Background information
- Born: Angelika Rosenbaum 1969 (age 56–57) Karaganda, Kazakh SSR, Soviet Union
- Origin: Ukrainian and Russian
- Genres: Classical
- Occupations: Musician, composer, concert pianist
- Instrument: Piano
- Years active: 1987–present
- Website: Akbar's Official Site

= Anjelika Akbar =

Turkish composer, pianist and writer

Anjelika Akbar (born 1969) is a Turkish composer, pianist and writer.

==Biography==
Born Anjelika Timchenko to a Ukrainian (Father) and Russian (Mother) family . Her mother was a professional musician, and her father, Stanislav Konstantinovich Timchenko, was a philosopher who also directed an orchestra. Akbar could play the piano and read music before reaching the age of 3. Akbar began taking private piano lessons at age three. Her first master was V. Lipovetsky, one of the founders of the Chinese Harbin Conservatory and a teacher at the Moscow Conservatory.

At the age of four, she was discovered to possess absolute pitch, and admitted to Uspkensky State Music School, a Soviet school for child prodigies, drawing the interest of the Moscow State Conservatory musicians. She continued her education at the Tashkent division of the same school, where other child prodigies like Alexei Sultanov and Stanislav Ioudenitch studied as well.

She studied her 11-year-long piano and composition in the classes of Asst. Prof. V. Fadeyeva, Prof. A. Berlin and Prof. B. Zeydman of the St. Petersburg State Conservatory. Soon afterwards Akbar entered the Tashkent State Conservatory, where she studied composition, orchestration and piano for additional 5 years to complete her education.

==Career==

Akbar completed her Master’s Degree in composition and orchestral conductor at Hacettepe State Conservatory, Turkey where she arrived in 1990 to write the music score of a film on world ecology that her husband had written. Akbar and her husband decided to stay permanently, and acquired Turkish citizenship. She received the “Degree for Proficiency in Art” in 1993 after submitting her thesis in the class of Ass. Prof. Turgay Erdener on the subject of Russian composer A. Skriabin’s “Analysis of Selected Piano Works in Harmonic, Melodic, Rhythmic, Formal and Philosophical Aspects” and composing “Symphony No.1” in Hacettepe State Conservatory. (“Proficiency in Art” is the equivalent of Doctorate for composers.)
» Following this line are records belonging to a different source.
lemma add_subgroup_zero: "add_subgroup P \<Longrightarrow> 0 \<in> P"
  unfolding add_subgroup_def by blast

lemma add_subgroup_diff: "add_subgroup P \<Longrightarrow> a \<in> P \<Longrightarrow> b \<in> P \<Longrightarrow> a - b \<in> P"
  unfolding add_subgroup_def by blast

lemma add_subgroup_add:
  assumes "add_subgroup P" "a \<in> P" "b \<in> P"
  shows "a + b \<in> P"
proof -
  have "0 - b \<in> P" using assms add_subgroup_zero add_subgroup_diff by blast
  then have "a - (0 - b) \<in> P" using assms add_subgroup_diff by blast
  then show ?thesis by simp
qed

lemma add_subgroup_image:
  assumes h: "additive h" and P: "add_subgroup P"
  shows "add_subgroup (h ` P)"
  unfolding add_subgroup_def
proof (intro conjI ballI)
  show "0 \<in> h ` P"
    by (rule image_eqI[where x = 0]) (simp_all add: additive.zero[OF h] add_subgroup_zero[OF P])
  fix a b assume "a \<in> h ` P" "b \<in> h ` P"
  then obtain x y where "x \<in> P" "y \<in> P" "a = h x" "b = h y" by blast
  then show "a - b \<in> h ` P"
    by (intro image_eqI[where x = "x - y"]) (simp_all add: additive.diff[OF h] add_subgroup_diff[OF P])
qed

lemma add_coset_eq_iff:
  assumes "add_subgroup P"
  shows "add_coset P a = add_coset P b \<longleftrightarrow> a - b \<in> P"
proof
  assume "add_coset P a = add_coset P b"
  moreover have "a \<in> add_coset P a"
    using assms add_subgroup_zero by (simp add: add_coset_def)
  ultimately show "a - b \<in> P" by (simp add: add_coset_def)
next
  assume ab: "a - b \<in> P"
  have "y - a \<in> P \<longleftrightarrow> y - b \<in> P" for y
    using add_subgroup_add[OF assms _ ab, of "y - a"] add_subgroup_diff[OF assms _ ab, of "y - b"]
    by auto
  then show "add_coset P a = add_coset P b" by (simp add: add_coset_def)
qed

lemma add_coset_eq_or_disjoint:
  assumes "add_subgroup P"
  shows "add_coset P a = add_coset P b \<or> add_coset P a \<inter> add_coset P b = {}"
proof (rule disjCI)
  assume "add_coset P a \<inter> add_coset P b \<noteq> {}"
  then obtain y where "y - a \<in> P" "y - b \<in> P" by (auto simp: add_coset_def)
  then have "(y - b) - (y - a) \<in> P" using assms add_subgroup_diff by blast
  moreover have "(y - b) - (y - a) = a - b" by (simp add: algebra_simps)
  ultimately have "a - b \<in> P" by simp
  then show "add_coset P a = add_coset P b" using assms add_coset_eq_iff by blast
qed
Akbar recorded her first album “Su” (water), featuring her preludes in 1999.

She has been credited with releasing the first solo piano adaptation of Vivaldi's Four Seasons in the history of classical music, which was published by Sony Music International in 2002, making its way to the Sony Classical catalogue as the first ever Turkish Classical Music album in their catalogue. Again in 2002, Anjelika Akbar co-performed the “Bir'den Bir'e” album with Rana Erkan and Zara.

She has been working with Composer Ali Darmar since 2003. On the same year, she released her album “Bach A L'Orientale” in 2003, where she fuses Bach works with Oriental instruments.

“Bir Yudum Su” (A Drop of Water), an album including the artist's compositions and arrangements, was released in November, 2005.

She performed the Piano Concerto No.1 titled “Sevgi Çemberi” (Circle of Love) the world premiere during the introductory concert of 10th International CRR (Cemal Reşit Rey) Piano Festival. Her Symphonic Poem “Kutsal İmler” (Sacred Signs), composed for ‘Indian Instruments Group and Symphonic Orchestra’ was performed by the Symphonic Orchestra for the first time at the Atatürk Cultural Center, conducted by A. Pirolli. Her tribute composition for the first president of Turkey, Mustafa Kemal Atatürk, called “Güneşin Doğduğu Ufuk-Piyano ve Senfonik Orkestra için Rapsodi” (Horizon where the Sun Rises - Rhapsody for Piano and The Symphonic Orchestra) was performed by the Symphonic Orchestra of Turkey, and conducted by Rengim Gökmen as a world premiere.

In total, Akbar has composed over 400 works for the chorus, piano and other instruments with Symphonic Orchestra and Chamber Orchestra, and has performed in countless concerts in Russia, France, Germany, the Baltic Countries, Central Asia, India, Qatar, Turkey and Northern Cyprus.

Akbar has been interviewed by two of Turkish Airlines' official monthly Skylifes journalists, Julide Karahan and Ihsan Uysal, and was featured in an article in the airline's magazine published in November 2009.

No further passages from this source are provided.